3.2.1. Morphological Studies by Scanning Electron Microscopy (SEM) with Energy Dispersive X-Ray Analysis (EDX)

The effect of heavy metal on the morphology of Galerina vittiformis during the bioaccumulation process was studied through SEM image analysis. Figure 3(a) revealed that the hyphae of G. vittiformis were cylindrical, septate, and branched before exposure to heavy metal. As shown in Figure 3(b) characteristic change in the morphology, curling, and formation of hyphal coils in response to Cd(II) stress is observed. Similar observations were made when exposed to other heavy metals. Cánovas et al. [46] reported that the surface of Aspergillus sp. also had rough texture due to protrusions on the hyphae on exposure to 50 mM of arsenate solution. Such modifications on the surface of fungi indicate the production of intracellular compounds due to heavy metals stress and result in increase in pressure within the mycelia leading to the outward growth of the cell wall structures [47]. Courbot et al. [48] have also observed that the impact of metal stresses had led to production of thiol compounds, especially GSH and MT due to intracellular detoxification of cadmium in the fungi, Paxillus involutus. According to them, the cell wall protrusions indicate increased formation of intracellular vacuoles that serve as storage compartments for thiol containing compounds. These compounds are responsible for the binding of metal ions into the intracellular regions and accumulate them in the vacuoles, thereby reducing their toxicity in the cytoplasm and improving tolerance levels. The energy dispersive spectroscopy (EDS) analysis was done to analyze the metal ionic concentrations in the mycelial surface indicating mycofilteration. The results of EDS analysis for the control mycelia and mycelium treated with Cd(II) are shown in Figure 4 and Table 2 and Figure 5 and Table 3, respectively. Only traces of Cd(II) were observed in EDS spectra whereas EDS of the mycelia exposed to other metals such as Cu(II), Pb(II), and Zn(II) showed no visible peaks for the metals (EDS spectra not shown), indicating the nondetectable levels of metals on the surface of the mycelia by SEM-EDS. Presence of traces or absence of metal peaks in the EDS spectra indicates that the metal removal by the mycelia of Galerina vittiformis may be attributed to vigorous intracellular bioaccumulation mechanism, rather than adsorption on the surface.
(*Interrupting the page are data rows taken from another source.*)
(* Consider a bipartite system with OPF sets $\mathcal F_{d_{\sf A}}$, $\mathcal F_{d_{\sf B}}$, $\mathcal F_{d_{\sf A}d_{\sf B}}$ and affine representations $\Gamma^{d_{\sf A}}$, $\Gamma^{d_{\sf B}}$, $\Gamma^{d_{\sf A}d_{\sf B}}$. If the restriction of $\Gamma^{d_{\sf A}d_{\sf B}}$ to $\mathrm{SU}(d_{\sf A})\times\mathrm{SU}(d_{\sf B})$ (embedded as $U_{\sf A}\otimes U_{\sf B}$) contains a subrepresentation $1^{d_{\sf A}}\boxtimes1^{d_{\sf B}}$, then the composite system is holistic, i.e. not locally tomographic: for bases $\{F^i_{\sf A}\}$ of $V_{d_{\sf A}}$ and $\{F^j_{\sf B}\}$ of $V_{d_{\sf B}}$, $\{F^i_{\sf A}\star F^j_{\sf B}\}_{i,j}$ is not a basis of $V_{d_{\sf A}d_{\sf B}}$.
   Context: An OPF on $\mathbb C^d$ is a function from rays of $\mathbb C^d$ to $[0,1]$; $\mathcal F_d$ contains the unit OPF ${\bf u}\equiv1$, satisfies (C1): $F\circ U:\psi\mapsto F(U\psi)$ is in $\mathcal F_d$ for $F\in\mathcal F_d$, $U\in\mathrm{SU}(d)$, and the Finiteness Principle: the real span $V_d$ of $\mathcal F_d$ is finite-dimensional. The associated representation $\bar\Gamma^d$ on $V_d$ is $\bar\Gamma^d(U)F=F\circ U$; it contains the trivial representation $1^d$ exactly once (spanned by ${\bf u}$), and the affine representation $\Gamma^d$ is defined by $\bar\Gamma^d=1^d\oplus\Gamma^d$. The product $\star:\mathcal F_{d_{\sf A}}\times\mathcal F_{d_{\sf B}}\to\mathcal F_{d_{\sf A}d_{\sf B}}$ is bilinear, satisfies ${\bf u}_{\sf A}\star{\bf u}_{\sf B}={\bf u}_{{\sf A}{\sf B}}$, and $(F_{\sf A}\star F_{\sf B})\circ(U_{\sf A}\otimes U_{\sf B})=(F_{\sf A}\circ U_{\sf A})\star(F_{\sf B}\circ U_{\sf B})$. $1^d$ is the trivial representation of $\mathrm{SU}(d)$ and $\boxtimes$ the outer tensor product. *)

theory Defs
  imports "HOL-Analysis.Analysis" "HOL-Library.Function_Algebras"
begin

typedef ('d::finite) ray =
  "{S :: (complex ^ 'd) set. \<exists>\<psi>. \<psi> \<noteq> 0 \<and> S = {c *s \<psi> | c. c \<noteq> 0}}"
proof -
  have "(1::complex^'d) \<noteq> 0" by (simp add: vec_eq_iff)
  then show ?thesis by blast
qed

definition ray_act :: "complex ^ 'd ^ 'd \<Rightarrow> ('d::finite) ray \<Rightarrow> 'd ray" where
  "ray_act U r = Abs_ray ((\<lambda>\<psi>. U *v \<psi>) ` Rep_ray r)"

definition adjoint_mat :: "complex ^ 'n ^ 'm \<Rightarrow> complex ^ 'm ^ 'n" where
  "adjoint_mat U = (\<chi> i j. cnj (U $ j $ i))"

definition SU :: "(complex ^ 'd ^ 'd) set" where
  "SU = {U. adjoint_mat U ** U = mat 1 \<and> det U = 1}"

text \<open>Kronecker product U_A (x) U_B acting on C^(d_A d_B) = C^{d_A} (x) C^{d_B}.\<close>
definition kron :: "complex ^ 'a ^ 'a \<Rightarrow> complex ^ 'b ^ 'b \<Rightarrow> complex ^ ('a \<times> 'b) ^ ('a \<times> 'b)" where
  "kron UA UB = (\<chi> p q. UA $ fst p $ fst q * UB $ snd p $ snd q)"

type_synonym 'd opf = "'d ray \<Rightarrow> real"

definition unit_opf :: "('d::finite) opf" ("\<u>") where
  "unit_opf = (\<lambda>_. 1)"

definition opf_comp :: "('d::finite) opf \<Rightarrow> complex ^ 'd ^ 'd \<Rightarrow> 'd opf" where
  "opf_comp F U = (\<lambda>r. F (ray_act U r))"

definition fscale :: "real \<Rightarrow> ('x \<Rightarrow> real) \<Rightarrow> ('x \<Rightarrow> real)" where
  "fscale c f = (\<lambda>x. c * f x)"

definition fspan :: "('x \<Rightarrow> real) set \<Rightarrow> ('x \<Rightarrow> real) set" where
  "fspan = module.span fscale"

definition findependent :: "('x \<Rightarrow> real) set \<Rightarrow> bool" where
  "findependent S = (\<not> module.dependent fscale S)"

definition fsubspace :: "('x \<Rightarrow> real) set \<Rightarrow> bool" where
  "fsubspace = module.subspace fscale"

definition fbasis :: "('x \<Rightarrow> real) set \<Rightarrow> ('x \<Rightarrow> real) set \<Rightarrow> bool" where
  "fbasis S V = (S \<subseteq> V \<and> findependent S \<and> fspan S = V)"

text \<open>Standing assumptions on an OPF set F_d: OPFs take values in [0,1], the unit OPF
  belongs to F_d, (C1) invariance under SU(d), and the Finiteness Principle.\<close>
definition OPF_set :: "('d::finite) opf set \<Rightarrow> bool" where
  "OPF_set F \<longleftrightarrow>
     (\<forall>G\<in>F. \<forall>r. 0 \<le> G r \<and> G r \<le> 1) \<and>
     \<u> \<in> F \<and>
     (\<forall>G\<in>F. \<forall>U\<in>SU. opf_comp G U \<in> F) \<and>
     (\<exists>B. finite B \<and> fspan B = fspan F)"

text \<open>The associated representation on V_d = span F_d contains the trivial representation
  exactly once (spanned by u): the SU(d)-invariant vectors of V_d are exactly span {u}.\<close>
definition trivial_once :: "('d::finite) opf set \<Rightarrow> bool" where
  "trivial_once F \<longleftrightarrow>
     {G \<in> fspan F. \<forall>U\<in>SU. opf_comp G U = G} = fspan {\<u>}"

text \<open>W carries the affine representation Gamma^d: W is an SU(d)-invariant subspace of V_d
  complementary to span {u}, so that the associated representation is 1^d (+) Gamma^d.\<close>
definition affine_rep_space :: "('d::finite) opf set \<Rightarrow> 'd opf set \<Rightarrow> bool" where
  "affine_rep_space F W \<longleftrightarrow>
     fsubspace W \<and> W \<subseteq> fspan F \<and> \<u> \<notin> W \<and> fspan (insert \<u> W) = fspan F \<and>
     (\<forall>G\<in>W. \<forall>U\<in>SU. opf_comp G U \<in> W)"

definition OPF_product ::
  "('a::finite) opf set \<Rightarrow> ('b::finite) opf set \<Rightarrow> ('a \<times> 'b) opf set
   \<Rightarrow> ('a opf \<Rightarrow> 'b opf \<Rightarrow> ('a \<times> 'b) opf) \<Rightarrow> bool" where
  "OPF_product FA FB FAB star \<longleftrightarrow>
     (\<forall>F\<in>FA. \<forall>G\<in>FB. star F G \<in> FAB) \<and>
     (\<forall>F1\<in>fspan FA. \<forall>F2\<in>fspan FA. \<forall>G\<in>fspan FB. \<forall>a b.
        star (\<lambda>r. a * F1 r + b * F2 r) G = (\<lambda>r. a * star F1 G r + b * star F2 G r)) \<and>
     (\<forall>F\<in>fspan FA. \<forall>G1\<in>fspan FB. \<forall>G2\<in>fspan FB. \<forall>a b.
        star F (\<lambda>r. a * G1 r + b * G2 r) = (\<lambda>r. a * star F G1 r + b * star F G2 r)) \<and>
     star \<u> \<u> = \<u> \<and>
     (\<forall>F\<in>FA. \<forall>G\<in>FB. \<forall>UA\<in>SU. \<forall>UB\<in>SU.
        opf_comp (star F G) (kron UA UB) = star (opf_comp F UA) (opf_comp G UB))"

end

theory Submission
  imports Defs
begin

text \<open>If the products of basis OPFs formed a basis of the composite space, the product would
  identify it with the algebraic tensor product of the local spaces, equivariantly for
  \<open>U\<^sub>A \<otimes> U\<^sub>B\<close>. Expanding an invariant \<open>G\<close> in that basis as \<open>\<Sum>\<^sub>j A\<^sub>j \<star> F\<^sup>j\<^sub>B\<close>, uniqueness of
  the coefficients and invariance under \<open>U\<^sub>A \<otimes> 1\<close> make every \<open>A\<^sub>j\<close> an \<open>SU(d\<^sub>A)\<close>-invariant, hence a
  multiple of \<open>\<u>\<close>; so \<open>G = \<u> \<star> H\<close>, and invariance under \<open>1 \<otimes> U\<^sub>B\<close> makes \<open>H\<close> a multiple of \<open>\<u>\<close>.
  Thus \<open>G\<close> is a multiple of \<open>\<u> \<star> \<u> = \<u>\<close>, which cannot lie in the affine part unless \<open>G = 0\<close>.\<close>

instantiation "fun" :: (type, real_vector) real_vector
begin
definition scaleR_fun :: "real \<Rightarrow> ('a \<Rightarrow> 'b) \<Rightarrow> 'a \<Rightarrow> 'b" where
  "scaleR_fun c f = (\<lambda>x. c *\<^sub>R f x)"
instance by standard (auto simp: scaleR_fun_def fun_eq_iff scaleR_add_right scaleR_add_left)
end

lemma fscale_eq_scaleR: "fscale = (scaleR :: real \<Rightarrow> ('x \<Rightarrow> real) \<Rightarrow> _)"
  by (auto simp: fun_eq_iff fscale_def scaleR_fun_def)

lemma fspan_eq_span: "fspan = (span :: ('x \<Rightarrow> real) set \<Rightarrow> _)"
  unfolding fspan_def span_raw_def fscale_eq_scaleR ..

lemma findependent_eq_independent: "findependent = (independent :: ('x \<Rightarrow> real) set \<Rightarrow> _)"
  unfolding findependent_def dependent_raw_def fscale_eq_scaleR ..

lemma fsubspace_eq_subspace: "fsubspace = (subspace :: ('x \<Rightarrow> real) set \<Rightarrow> _)"
  unfolding fsubspace_def subspace_raw_def fscale_eq_scaleR ..

lemma fbasis_iff: "fbasis S V \<longleftrightarrow> independent S \<and> span S = V"
  unfolding fbasis_def fspan_eq_span findependent_eq_independent by (auto intro: span_base)

lemma linear_combination_fun_eq: "(\<lambda>r. a * f r + b * g r) = a *\<^sub>R f + b *\<^sub>R g"
  by (simp add: fun_eq_iff scaleR_fun_def)

section \<open>Maps that are bilinear on a pair of subspaces\<close>

locale bilinear_on =
  fixes VA :: "'a::real_vector set" and VB :: "'b::real_vector set"
    and star :: "'a \<Rightarrow> 'b \<Rightarrow> 'c::real_vector"
  assumes subspace_left: "subspace VA" and subspace_right: "subspace VB"
    and linear_left: "\<lbrakk>x \<in> VA; x' \<in> VA; y \<in> VB\<rbrakk> \<Longrightarrow>
      star (a *\<^sub>R x + b *\<^sub>R x') y = a *\<^sub>R star x y + b *\<^sub>R star x' y"
    and linear_right: "\<lbrakk>x \<in> VA; y \<in> VB; y' \<in> VB\<rbrakk> \<Longrightarrow>
      star x (a *\<^sub>R y + b *\<^sub>R y') = a *\<^sub>R star x y + b *\<^sub>R star x y'"
begin

lemma scaleR_left: "x \<in> VA \<Longrightarrow> y \<in> VB \<Longrightarrow> star (c *\<^sub>R x) y = c *\<^sub>R star x y"
  using linear_left[of x x y c 0] by simp

lemma scaleR_right: "x \<in> VA \<Longrightarrow> y \<in> VB \<Longrightarrow> star x (c *\<^sub>R y) = c *\<^sub>R star x y"
  using linear_right[of x y y c 0] by simp

lemma zero_left: "y \<in> VB \<Longrightarrow> star 0 y = 0"
  using scaleR_left[of 0 y 0] subspace_left by (simp add: subspace_0)

lemma zero_right: "x \<in> VA \<Longrightarrow> star x 0 = 0"
  using scaleR_right[of x 0 0] subspace_right by (simp add: subspace_0)

lemma diff_left: "x \<in> VA \<Longrightarrow> x' \<in> VA \<Longrightarrow> y \<in> VB \<Longrightarrow> star (x - x') y = star x y - star x' y"
  using linear_left[of x x' y 1 "-1"] by simp

lemma diff_right: "x \<in> VA \<Longrightarrow> y \<in> VB \<Longrightarrow> y' \<in> VB \<Longrightarrow> star x (y - y') = star x y - star x y'"
  using linear_right[of x y y' 1 "-1"] by simp

lemma linear_combination_left:
  assumes "finite I" "\<And>i. i \<in> I \<Longrightarrow> x i \<in> VA" "y \<in> VB"
  shows "star (\<Sum>i\<in>I. c i *\<^sub>R x i) y = (\<Sum>i\<in>I. c i *\<^sub>R star (x i) y)"
  using assms
proof (induction I rule: finite_induct)
  case empty
  then show ?case by (simp add: zero_left)
next
  case (insert i I)
  then have "(\<Sum>i\<in>I. c i *\<^sub>R x i) \<in> VA"
    using subspace_left by (simp add: subspace_sum subspace_scale)
  with insert show ?case by (simp add: linear_left[of _ _ _ _ 1, simplified])
qed

lemma linear_combination_right:
  assumes "finite I" "\<And>i. i \<in> I \<Longrightarrow> y i \<in> VB" "x \<in> VA"
  shows "star x (\<Sum>i\<in>I. c i *\<^sub>R y i) = (\<Sum>i\<in>I. c i *\<^sub>R star x (y i))"
  using assms
proof (induction I rule: finite_induct)
  case empty
  then show ?case by (simp add: zero_right)
next
  case (insert i I)
  then have "(\<Sum>i\<in>I. c i *\<^sub>R y i) \<in> VB"
    using subspace_right by (simp add: subspace_sum subspace_scale)
  with insert show ?case by (simp add: linear_right[of _ _ _ _ 1, simplified])
qed

lemma bilinear_on_compose:
  assumes "linear T" "linear R" "linear S" "R ` VA \<subseteq> VA" "S ` VB \<subseteq> VB"
  shows "bilinear_on VA VB (\<lambda>x y. T (star (R x) (S y)))"
proof unfold_locales
  fix a b x x' y assume "x \<in> VA" "x' \<in> VA" "y \<in> VB"
  moreover have "R x \<in> VA" "R x' \<in> VA" "S y \<in> VB"
    using calculation assms(4,5) by auto
  ultimately show "T (star (R (a *\<^sub>R x + b *\<^sub>R x')) (S y)) =
      a *\<^sub>R T (star (R x) (S y)) + b *\<^sub>R T (star (R x') (S y))"
    using assms(1-3) by (simp add: linear_add linear_scale linear_left)
next
  fix a b x y y' assume "x \<in> VA" "y \<in> VB" "y' \<in> VB"
  moreover have "R x \<in> VA" "S y \<in> VB" "S y' \<in> VB"
    using calculation assms(4,5) by auto
  ultimately show "T (star (R x) (S (a *\<^sub>R y + b *\<^sub>R y'))) =
      a *\<^sub>R T (star (R x) (S y)) + b *\<^sub>R T (star (R x) (S y'))"
    using assms(1-3) by (simp add: linear_add linear_scale linear_right)
qed (use subspace_left subspace_right in auto)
Table 2: EDS quantitative analysis of organism G. vittiformis (control).
Table 3: EDS quantitative analysis of organism G. vittiformis treated with Cd(II).
Figure 3: SEM images of organism G. vittiformis (a) untreated (b) Cd(II) treated (500–700X magnification).
Figure 4: EDS analysis showing the metal content in G. vittiformis (control).
Figure 5: EDS analysis of organism G. vittiformis treated with Cd(II).
3.2.2. Fourier Transform Infrared Spectroscopy (FTIR)

FTIR spectra of fruiting bodies extracts of Galerina vittiformis after bioaccumulation studies were analyzed to determine the presence and disappearance of any functional groups involved in metal accumulation mechanism. The FTIR spectrum was assessed by comparing the absorption bands of G. vittiformis grown on metal (Cu(II), Cd(II), Cr(VI), Pb(II), and Zn(II)) (50 mg/kg) contaminated soil to that of its spectrum obtained from control. Any changes in the finger print region, that is, 1000–1500 (amide-II and II regions) and 1500–1000 cm−1 (amide-III regions) which indicates the presence of higher amounts of acids, protenitous, and nonproteious compounds by G. vittiformis upon exposure to Cd(II), Cu(II), Pb(II), Cr(VI), and Zn(II). Each FTIR spectrum was studied thoroughly by comparing the peak values to their standard FTIR charts to determine the represented functional groups [32, 4952]. The FTIR graphs obtained for all the studied metal ions are compared with control FTIR graphs to analyze the presence of stress factors produced during metal stress (Figure 6). The FTIR graphs of fruiting body obtained from Cr(VI) laden soil system showed the presence of stress related components like oxalic acid, that is, 1658 ± 5 and 1253 ± 5 and thiol group, that is, 2550 ± 5 (Figure 7) [53]. Similar peaks are also observed in the FTIR graphs of Pb(II) and Cd(II). Only thiol groups (2550 ± 5) are observed in Figure 8 for Cu(II) and Zn(II). Researchers like Qian and Krimm [54], Yang et al. [55], and Shi et al. [56] have used FTIR to detect the presence of both primary and secondary stress factors. FTIR gives only a preliminary identification of stress factors; hence the extracts are further subjected for LC-MS analysis to determine the components. Stress components present in the cellular extracts are further characterized by LC-MS analysis.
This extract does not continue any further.